_EXERCISE DESCRIPTION_: Each record must appear in the answer exactly as it does in the data.

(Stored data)
section \<open>Counting admissible strings by cost\<close>

lemma card_UN_image_Cons:
  assumes "finite Y" "\<And>y. y \<in> Y \<Longrightarrow> finite (G y)"
  shows "card (\<Union>y\<in>Y. (#) y ` G y) = (\<Sum>y\<in>Y. card (G y))"
proof -
  have "card (\<Union>y\<in>Y. (#) y ` G y) = (\<Sum>y\<in>Y. card ((#) y ` G y))"
    by (rule card_UN_disjoint) (use assms in auto)
  also have "\<dots> = (\<Sum>y\<in>Y. card (G y))"
    by (simp add: card_image)
  finally show ?thesis .
qed

definition continuations :: "nat \<Rightarrow> sym \<Rightarrow> sym list set" where
  "continuations k x = {ys. x # ys \<in> admissible \<and> path_cost x ys = k}"

lemma finite_continuations: "finite (continuations k x)"
proof (rule finite_subset[OF _ finite_lists_length_le_UNIV])
  show "continuations k x \<subseteq> {ys. length ys \<le> k}"
    unfolding continuations_def using length_le_path_cost by (auto intro: le_trans)
qed

lemma continuations_0: "continuations 0 x = {[]}"
  using step_cost_pos[of x]
  by (auto simp: continuations_def singleton_admissible elim: path_cost.elims)

lemma continuations_below_step_cost:
  assumes "0 < k" "k < step_cost x"
  shows "continuations k x = {}"
proof -
  have "path_cost x ys \<noteq> k" for ys
    using assms by (cases ys) auto
  then show ?thesis
    by (simp add: continuations_def)
qed

lemma continuations_add_step_cost:
  "continuations (k + step_cost x) x = (\<Union>y\<in>{y. 0 < trans_p x y}. (#) y ` continuations k y)"
proof (intro set_eqI iffI)
  fix ys
  assume ys: "ys \<in> continuations (k + step_cost x) x"
  then obtain y zs where "ys = y # zs"
    using step_cost_pos[of x] by (cases ys) (auto simp: continuations_def)
  with ys show "ys \<in> (\<Union>y\<in>{y. 0 < trans_p x y}. (#) y ` continuations k y)"
    by (auto simp: continuations_def Cons_Cons_admissible)
qed (auto simp: continuations_def Cons_Cons_admissible)

abbreviation ncont :: "nat \<Rightarrow> sym \<Rightarrow> nat" where
  "ncont k x \<equiv> card (continuations k x)"

lemma ncont_add_step_cost:
  "ncont (k + step_cost x) x = (\<Sum>y | 0 < trans_p x y. ncont k y)"
  unfolding continuations_add_step_cost by (rule card_UN_image_Cons) (auto simp: finite_continuations)

lemma successor_sets:
  "{y. 0 < trans_p SA y} = {SA, SC}" "{y. 0 < trans_p SB y} = {SB, SD}"
  "{y. 0 < trans_p SC y} = UNIV" "{y. 0 < trans_p SD y} = UNIV"
  by (auto simp: UNIV_sym elim: sym.exhaust)

lemma ncont_recurrences:
  "ncont (Suc k) SA = ncont k SA + ncont k SC"
  "ncont (Suc k) SB = ncont k SB + ncont k SD"
  "ncont (Suc (Suc k)) SC = ncont k SA + ncont k SB + ncont k SC + ncont k SD"
  "ncont (Suc (Suc k)) SD = ncont k SA + ncont k SB + ncont k SC + ncont k SD"
  using ncont_add_step_cost[of k SA, unfolded successor_sets]
    ncont_add_step_cost[of k SB, unfolded successor_sets]
    ncont_add_step_cost[of k SC, unfolded successor_sets]
    ncont_add_step_cost[of k SD, unfolded successor_sets]
  by (simp_all add: UNIV_sym)

lemma ncont_Suc_0: "ncont (Suc 0) SC = 0" "ncont (Suc 0) SD = 0"
  by (simp_all add: continuations_below_step_cost)

lemma ncont_symmetric: "ncont k SB = ncont k SA \<and> ncont k SD = ncont k SC"
proof (induction k rule: nat_less_induct)
  case (1 k)
  consider "k = 0" | "k = Suc 0" | j where "k = Suc (Suc j)"
    by (metis not0_implies_Suc)
  then show ?case
  proof cases
    case 1
    then show ?thesis by (simp add: continuations_0)
  next
    case 2
    then show ?thesis
      using "1.IH" by (simp add: ncont_recurrences ncont_Suc_0)
  next
    case 3
    then show ?thesis
      using "1.IH" by (simp add: ncont_recurrences)
  qed
qed

lemma ncont_SC_Suc_Suc: "ncont (Suc (Suc k)) SC = 2 * ncont (Suc k) SA"
  using ncont_symmetric[of k] by (simp add: ncont_recurrences)

lemma ncont_SA_Suc_add: "ncont (Suc k) SA + ncont (Suc (Suc k)) SA = 2 ^ Suc (Suc k)"
proof (induction k)
  case 0
  then show ?case by (simp add: ncont_recurrences ncont_Suc_0 continuations_0)
next
  case (Suc k)
  have "ncont (Suc (Suc (Suc k))) SA = ncont (Suc (Suc k)) SA + 2 * ncont (Suc k) SA"
    by (simp add: ncont_recurrences(1)[of "Suc (Suc k)"] ncont_SC_Suc_Suc)
  with Suc.IH show ?case by simp
qed

definition cost_class :: "nat \<Rightarrow> sym list set" where
  "cost_class k = {u \<in> admissible. cost u = k}"

lemma mem_cost_class_iff: "u \<in> cost_class k \<longleftrightarrow> u \<in> admissible \<and> info_cost u = real k"
  by (auto simp: cost_class_def info_cost_eq_cost)

lemma cost_class_Suc_Suc: "cost_class (Suc (Suc k)) = (\<Union>x. (#) x ` continuations k x)"
proof (intro set_eqI iffI)
  fix u
  assume u: "u \<in> cost_class (Suc (Suc k))"
  then obtain x ys where "u = x # ys"
    using admissible_nonempty[of u] by (cases u) (auto simp: cost_class_def)
  with u show "u \<in> (\<Union>x. (#) x ` continuations k x)"
    by (auto simp: cost_class_def continuations_def cost_def)
qed (auto simp: cost_class_def continuations_def cost_def)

_ANSWER SPACE_:
section \<open>Counting admissible strings by cost\<close>

lemma card_UN_image_Cons:
  assumes "finite Y" "\<And>y. y \<in> Y \<Longrightarrow> finite (G y)"
  shows "card (\<Union>y\<in>Y. (#) y ` G y) = (\<Sum>y\<in>Y. card (G y))"
proof -
  have "card (\<Union>y\<in>Y. (#) y ` G y) = (\<Sum>y\<in>Y. card ((#) y ` G y))"
    by (rule card_UN_disjoint) (use assms in auto)
  also have "\<dots> = (\<Sum>y\<in>Y. card (G y))"
    by (simp add: card_image)
  finally show ?thesis .
qed

definition continuations :: "nat \<Rightarrow> sym \<Rightarrow> sym list set" where
  "continuations k x = {ys. x # ys \<in> admissible \<and> path_cost x ys = k}"

lemma finite_continuations: "finite (continuations k x)"
proof (rule finite_subset[OF _ finite_lists_length_le_UNIV])
  show "continuations k x \<subseteq> {ys. length ys \<le> k}"
    unfolding continuations_def using length_le_path_cost by (auto intro: le_trans)
qed

lemma continuations_0: "continuations 0 x = {[]}"
  using step_cost_pos[of x]
  by (auto simp: continuations_def singleton_admissible elim: path_cost.elims)

lemma continuations_below_step_cost:
  assumes "0 < k" "k < step_cost x"
  shows "continuations k x = {}"
proof -
  have "path_cost x ys \<noteq> k" for ys
    using assms by (cases ys) auto
  then show ?thesis
    by (simp add: continuations_def)
qed

lemma continuations_add_step_cost:
  "continuations (k + step_cost x) x = (\<Union>y\<in>{y. 0 < trans_p x y}. (#) y ` continuations k y)"
proof (intro set_eqI iffI)
  fix ys
  assume ys: "ys \<in> continuations (k + step_cost x) x"
  then obtain y zs where "ys = y # zs"
    using step_cost_pos[of x] by (cases ys) (auto simp: continuations_def)
  with ys show "ys \<in> (\<Union>y\<in>{y. 0 < trans_p x y}. (#) y ` continuations k y)"
    by (auto simp: continuations_def Cons_Cons_admissible)
qed (auto simp: continuations_def Cons_Cons_admissible)

abbreviation ncont :: "nat \<Rightarrow> sym \<Rightarrow> nat" where
  "ncont k x \<equiv> card (continuations k x)"

lemma ncont_add_step_cost:
  "ncont (k + step_cost x) x = (\<Sum>y | 0 < trans_p x y. ncont k y)"
  unfolding continuations_add_step_cost by (rule card_UN_image_Cons) (auto simp: finite_continuations)

lemma successor_sets:
  "{y. 0 < trans_p SA y} = {SA, SC}" "{y. 0 < trans_p SB y} = {SB, SD}"
  "{y. 0 < trans_p SC y} = UNIV" "{y. 0 < trans_p SD y} = UNIV"
  by (auto simp: UNIV_sym elim: sym.exhaust)

lemma ncont_recurrences:
  "ncont (Suc k) SA = ncont k SA + ncont k SC"
  "ncont (Suc k) SB = ncont k SB + ncont k SD"
  "ncont (Suc (Suc k)) SC = ncont k SA + ncont k SB + ncont k SC + ncont k SD"
  "ncont (Suc (Suc k)) SD = ncont k SA + ncont k SB + ncont k SC + ncont k SD"
  using ncont_add_step_cost[of k SA, unfolded successor_sets]
    ncont_add_step_cost[of k SB, unfolded successor_sets]
    ncont_add_step_cost[of k SC, unfolded successor_sets]
    ncont_add_step_cost[of k SD, unfolded successor_sets]
  by (simp_all add: UNIV_sym)

lemma ncont_Suc_0: "ncont (Suc 0) SC = 0" "ncont (Suc 0) SD = 0"
  by (simp_all add: continuations_below_step_cost)

lemma ncont_symmetric: "ncont k SB = ncont k SA \<and> ncont k SD = ncont k SC"
proof (induction k rule: nat_less_induct)
  case (1 k)
  consider "k = 0" | "k = Suc 0" | j where "k = Suc (Suc j)"
    by (metis not0_implies_Suc)
  then show ?case
  proof cases
    case 1
    then show ?thesis by (simp add: continuations_0)
  next
    case 2
    then show ?thesis
      using "1.IH" by (simp add: ncont_recurrences ncont_Suc_0)
  next
    case 3
    then show ?thesis
      using "1.IH" by (simp add: ncont_recurrences)
  qed
qed

lemma ncont_SC_Suc_Suc: "ncont (Suc (Suc k)) SC = 2 * ncont (Suc k) SA"
  using ncont_symmetric[of k] by (simp add: ncont_recurrences)

lemma ncont_SA_Suc_add: "ncont (Suc k) SA + ncont (Suc (Suc k)) SA = 2 ^ Suc (Suc k)"
proof (induction k)
  case 0
  then show ?case by (simp add: ncont_recurrences ncont_Suc_0 continuations_0)
next
  case (Suc k)
  have "ncont (Suc (Suc (Suc k))) SA = ncont (Suc (Suc k)) SA + 2 * ncont (Suc k) SA"
    by (simp add: ncont_recurrences(1)[of "Suc (Suc k)"] ncont_SC_Suc_Suc)
  with Suc.IH show ?case by simp
qed

definition cost_class :: "nat \<Rightarrow> sym list set" where
  "cost_class k = {u \<in> admissible. cost u = k}"

lemma mem_cost_class_iff: "u \<in> cost_class k \<longleftrightarrow> u \<in> admissible \<and> info_cost u = real k"
  by (auto simp: cost_class_def info_cost_eq_cost)

lemma cost_class_Suc_Suc: "cost_class (Suc (Suc k)) = (\<Union>x. (#) x ` continuations k x)"
proof (intro set_eqI iffI)
  fix u
  assume u: "u \<in> cost_class (Suc (Suc k))"
  then obtain x ys where "u = x # ys"
    using admissible_nonempty[of u] by (cases u) (auto simp: cost_class_def)
  with u show "u \<in> (\<Union>x. (#) x ` continuations k x)"
    by (auto simp: cost_class_def continuations_def cost_def)
qed (auto simp: cost_class_def continuations_def cost_def)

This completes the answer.